lemma lborel_distr_basis_transfer:
  fixes \<beta> :: "'a::euclidean_space \<Rightarrow> 'b::euclidean_space"
  assumes \<beta>: "bij_betw \<beta> Basis Basis"
  shows "distr lborel borel (basis_transfer \<beta>) = lborel"
proof (rule lborel_eqI[symmetric])
  let ?\<psi> = "basis_transfer \<beta>" and ?\<phi> = "basis_transfer (inv_into Basis \<beta>)"
  fix l u :: 'b assume le: "\<And>c. c \<in> Basis \<Longrightarrow> l \<bullet> c \<le> u \<bullet> c"
  have \<gamma>: "bij_betw (inv_into Basis \<beta>) Basis Basis" using \<beta> by (rule bij_betw_inv_into)
  have inv_inner: "?\<phi> w \<bullet> b = w \<bullet> \<beta> b" if "b \<in> Basis" for w b
    using inner_basis_transfer[OF \<gamma>, of "\<beta> b" w] \<beta> that by (simp add: bij_betwE bij_betw_inv_into_left)
  have \<beta>_Basis: "\<beta> ` Basis = Basis" using \<beta> by (simp add: bij_betw_def)
  have pre: "?\<psi> -` box l u = box (?\<phi> l) (?\<phi> u)"
  proof -
    have "x \<in> ?\<psi> -` box l u \<longleftrightarrow> (\<forall>c\<in>\<beta> ` Basis. l \<bullet> c < ?\<psi> x \<bullet> c \<and> ?\<psi> x \<bullet> c < u \<bullet> c)" for x
      by (simp add: mem_box \<beta>_Basis)
    then show ?thesis
      by (auto simp: mem_box inv_inner inner_basis_transfer[OF \<beta>])
  qed
  have "emeasure (distr lborel borel ?\<psi>) (box l u) = emeasure lborel (box (?\<phi> l) (?\<phi> u))"
    using borel_measurable_linear[OF linear_basis_transfer[of \<beta>]] by (simp add: emeasure_distr pre[symmetric])
  also have "\<dots> = (\<Prod>b\<in>Basis. (u - l) \<bullet> \<beta> b)"
    using le \<beta> by (simp add: emeasure_lborel_box_eq inner_diff_left inv_inner bij_betwE)
  also have "\<dots> = (\<Prod>c\<in>Basis. (u - l) \<bullet> c)"
    using \<beta> by (simp add: prod.reindex_bij_betw)
  finally show "emeasure (distr lborel borel ?\<psi>) (box l u) = (\<Prod>c\<in>Basis. (u - l) \<bullet> c)" .
qed simp

lemma lborel_distr_orthogonal_vec:
  fixes f :: "real^'n::{finite,wellorder} \<Rightarrow> real^'n::_"
  assumes f: "orthogonal_transformation f"
  shows "distr lborel borel f = lborel"
proof (rule lborel_eqI[symmetric])
  have lin: "linear f" using f by (rule orthogonal_transformation_linear)
  fix l u :: "(real, 'n) vec" assume le: "\<And>b. b \<in> Basis \<Longrightarrow> l \<bullet> b \<le> u \<bullet> b"
  let ?S = "f -` box l u"
  have S_image: "?S = inv f ` box l u"
    using orthogonal_transformation_bij[OF f] by (simp add: bij_vimage_eq_inv_image)
  have S_open: "open ?S"
    using lin by (intro open_vimage linear_continuous_on) (auto simp: linear_conv_bounded_linear)
  have S_bounded: "bounded ?S" unfolding S_image
    using orthogonal_transformation_inv[OF f]
    by (metis bounded_box bounded_linear_image linear_conv_bounded_linear orthogonal_transformation_linear)
  have "measure lborel ?S = measure lebesgue (inv f ` box l u)"
    using S_open S_image by (simp add: borel_open)
  also have "\<dots> = measure lborel (box l u)"
    using orthogonal_transformation_inv[OF f] by (simp add: measure_orthogonal_image lmeasurable_open)
  finally have "measure lborel ?S = measure lborel (box l u)" .
  moreover have "emeasure lborel ?S \<noteq> \<infinity>" "emeasure lborel (box l u) \<noteq> \<infinity>"
    using emeasure_bounded_finite[OF S_bounded] emeasure_lborel_box_finite[of l u] by auto
  ultimately have "emeasure lborel ?S = emeasure lborel (box l u)"
    using emeasure_eq_ennreal_measure[of lborel ?S] emeasure_eq_ennreal_measure[of lborel "box l u"]
    by simp
  then show "emeasure (distr lborel borel f) (box l u) = (\<Prod>b\<in>Basis. (u - l) \<bullet> b)"
    using borel_measurable_linear[OF lin] le
    by (simp add: emeasure_distr borel_open emeasure_lborel_box_eq inner_diff_left)
qed simp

* * * * * * * * *

_Task directions:_ A word-for-word copy of the data is what should be returned.

_Response below:_
lemma lborel_distr_basis_transfer:
  fixes \<beta> :: "'a::euclidean_space \<Rightarrow> 'b::euclidean_space"
  assumes \<beta>: "bij_betw \<beta> Basis Basis"
  shows "distr lborel borel (basis_transfer \<beta>) = lborel"
proof (rule lborel_eqI[symmetric])
  let ?\<psi> = "basis_transfer \<beta>" and ?\<phi> = "basis_transfer (inv_into Basis \<beta>)"
  fix l u :: 'b assume le: "\<And>c. c \<in> Basis \<Longrightarrow> l \<bullet> c \<le> u \<bullet> c"
  have \<gamma>: "bij_betw (inv_into Basis \<beta>) Basis Basis" using \<beta> by (rule bij_betw_inv_into)
  have inv_inner: "?\<phi> w \<bullet> b = w \<bullet> \<beta> b" if "b \<in> Basis" for w b
    using inner_basis_transfer[OF \<gamma>, of "\<beta> b" w] \<beta> that by (simp add: bij_betwE bij_betw_inv_into_left)
  have \<beta>_Basis: "\<beta> ` Basis = Basis" using \<beta> by (simp add: bij_betw_def)
  have pre: "?\<psi> -` box l u = box (?\<phi> l) (?\<phi> u)"
  proof -
    have "x \<in> ?\<psi> -` box l u \<longleftrightarrow> (\<forall>c\<in>\<beta> ` Basis. l \<bullet> c < ?\<psi> x \<bullet> c \<and> ?\<psi> x \<bullet> c < u \<bullet> c)" for x
      by (simp add: mem_box \<beta>_Basis)
    then show ?thesis
      by (auto simp: mem_box inv_inner inner_basis_transfer[OF \<beta>])
  qed
  have "emeasure (distr lborel borel ?\<psi>) (box l u) = emeasure lborel (box (?\<phi> l) (?\<phi> u))"
    using borel_measurable_linear[OF linear_basis_transfer[of \<beta>]] by (simp add: emeasure_distr pre[symmetric])
  also have "\<dots> = (\<Prod>b\<in>Basis. (u - l) \<bullet> \<beta> b)"
    using le \<beta> by (simp add: emeasure_lborel_box_eq inner_diff_left inv_inner bij_betwE)
  also have "\<dots> = (\<Prod>c\<in>Basis. (u - l) \<bullet> c)"
    using \<beta> by (simp add: prod.reindex_bij_betw)
  finally show "emeasure (distr lborel borel ?\<psi>) (box l u) = (\<Prod>c\<in>Basis. (u - l) \<bullet> c)" .
qed simp

lemma lborel_distr_orthogonal_vec:
  fixes f :: "real^'n::{finite,wellorder} \<Rightarrow> real^'n::_"
  assumes f: "orthogonal_transformation f"
  shows "distr lborel borel f = lborel"
proof (rule lborel_eqI[symmetric])
  have lin: "linear f" using f by (rule orthogonal_transformation_linear)
  fix l u :: "(real, 'n) vec" assume le: "\<And>b. b \<in> Basis \<Longrightarrow> l \<bullet> b \<le> u \<bullet> b"
  let ?S = "f -` box l u"
  have S_image: "?S = inv f ` box l u"
    using orthogonal_transformation_bij[OF f] by (simp add: bij_vimage_eq_inv_image)
  have S_open: "open ?S"
    using lin by (intro open_vimage linear_continuous_on) (auto simp: linear_conv_bounded_linear)
  have S_bounded: "bounded ?S" unfolding S_image
    using orthogonal_transformation_inv[OF f]
    by (metis bounded_box bounded_linear_image linear_conv_bounded_linear orthogonal_transformation_linear)
  have "measure lborel ?S = measure lebesgue (inv f ` box l u)"
    using S_open S_image by (simp add: borel_open)
  also have "\<dots> = measure lborel (box l u)"
    using orthogonal_transformation_inv[OF f] by (simp add: measure_orthogonal_image lmeasurable_open)
  finally have "measure lborel ?S = measure lborel (box l u)" .
  moreover have "emeasure lborel ?S \<noteq> \<infinity>" "emeasure lborel (box l u) \<noteq> \<infinity>"
    using emeasure_bounded_finite[OF S_bounded] emeasure_lborel_box_finite[of l u] by auto
  ultimately have "emeasure lborel ?S = emeasure lborel (box l u)"
    using emeasure_eq_ennreal_measure[of lborel ?S] emeasure_eq_ennreal_measure[of lborel "box l u"]
    by simp
  then show "emeasure (distr lborel borel f) (box l u) = (\<Prod>b\<in>Basis. (u - l) \<bullet> b)"
    using borel_measurable_linear[OF lin] le
    by (simp add: emeasure_distr borel_open emeasure_lborel_box_eq inner_diff_left)
qed simp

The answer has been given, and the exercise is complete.